Items from a dataset:

lemma F3_euler_sum_transform:
  fixes x :: "'a::{field,finite}"
  assumes ch: "a1 \<in> chars" "a2 \<in> chars" "b1 \<in> chars" "b2 \<in> chars" "c \<in> chars"
    and x: "x \<noteq> 0" "x \<noteq> 1"
  shows "F3_euler_sum (char_mult (char_inv (char_mult a1 a2)) c)
           (char_mult (char_mult (char_mult (char_mult a1 a2) b1) b2) (char_inv c))
           (char_mult (char_inv (char_mult a2 b1)) c) a2 c x (x / (x - 1))
       = a2 (-1) * c (-1) * char_mult (char_mult (char_mult a1 a2) b1) (char_inv c) (1 - x)
         * F3_euler_sum a1 b2 b1 a2 c x (x / (x - 1))"
proof -
  let ?R = "F3_euler_term (char_mult (char_inv (char_mult a1 a2)) c)
    (char_mult (char_mult (char_mult (char_mult a1 a2) b1) b2) (char_inv c))
    (char_mult (char_inv (char_mult a2 b1)) c) a2 c x (x / (x - 1))"
  let ?L = "F3_euler_term a1 b2 b1 a2 c x (x / (x - 1))"
  let ?k = "a2 (-1) * c (-1) * char_mult (char_mult (char_mult a1 a2) b1) (char_inv c) (1 - x)"
  have inner: "(\<Sum>u\<in>UNIV. ?R u v) = ?k * (\<Sum>u\<in>UNIV. ?L u v)" for v
  proof (cases "1 - x * (1 + v) = 0")
    case True
    have "1 + v * (x / (x - 1)) = - (1 - x * (1 + v)) / (x - 1)"
      using x by (simp add: field_simps; simp add: algebra_simps)
    thus ?thesis using True by (simp add: F3_euler_term_def char_inv_def)
  next
    case False
    define T where "T = {u. 1 + u * x \<noteq> 0}"
    have "(\<Sum>u\<in>UNIV. ?R u v) = (\<Sum>u\<in>T. ?R u v)"
      by (rule sum.mono_neutral_right) (auto simp: T_def F3_euler_term_def char_inv_def)
    also have "\<dots> = (\<Sum>u\<in>T. ?R (euler_subst x v u) v)"
      by (rule sum.reindex_bij_witness[of _ "euler_subst x v" "euler_subst x v"])
         (auto simp: T_def euler_subst_involution[OF _ False])
    also have "\<dots> = (\<Sum>u\<in>T. ?k * ?L u v)"
      by (intro sum.cong refl) (simp add: T_def F3_euler_term_subst[OF ch x _ False])
    also have "\<dots> = ?k * (\<Sum>u\<in>UNIV. ?L u v)"
      unfolding sum_distrib_left[symmetric]
      by (intro arg_cong[where f = "\<lambda>t. ?k * t"] sum.mono_neutral_left)
         (auto simp: T_def F3_euler_term_def char_inv_def)
    finally show ?thesis .
  qed
  show ?thesis
    unfolding F3_euler_sum_def by (subst (1 2) sum.swap) (simp add: inner sum_distrib_left)
qed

• _What the task requires_
All lines above that include the word "also" must be copied into the answer.

• _Solution to the problem_
    also have "\<dots> = (\<Sum>u\<in>T. ?R (euler_subst x v u) v)"
    also have "\<dots> = (\<Sum>u\<in>T. ?k * ?L u v)"
    also have "\<dots> = ?k * (\<Sum>u\<in>UNIV. ?L u v)"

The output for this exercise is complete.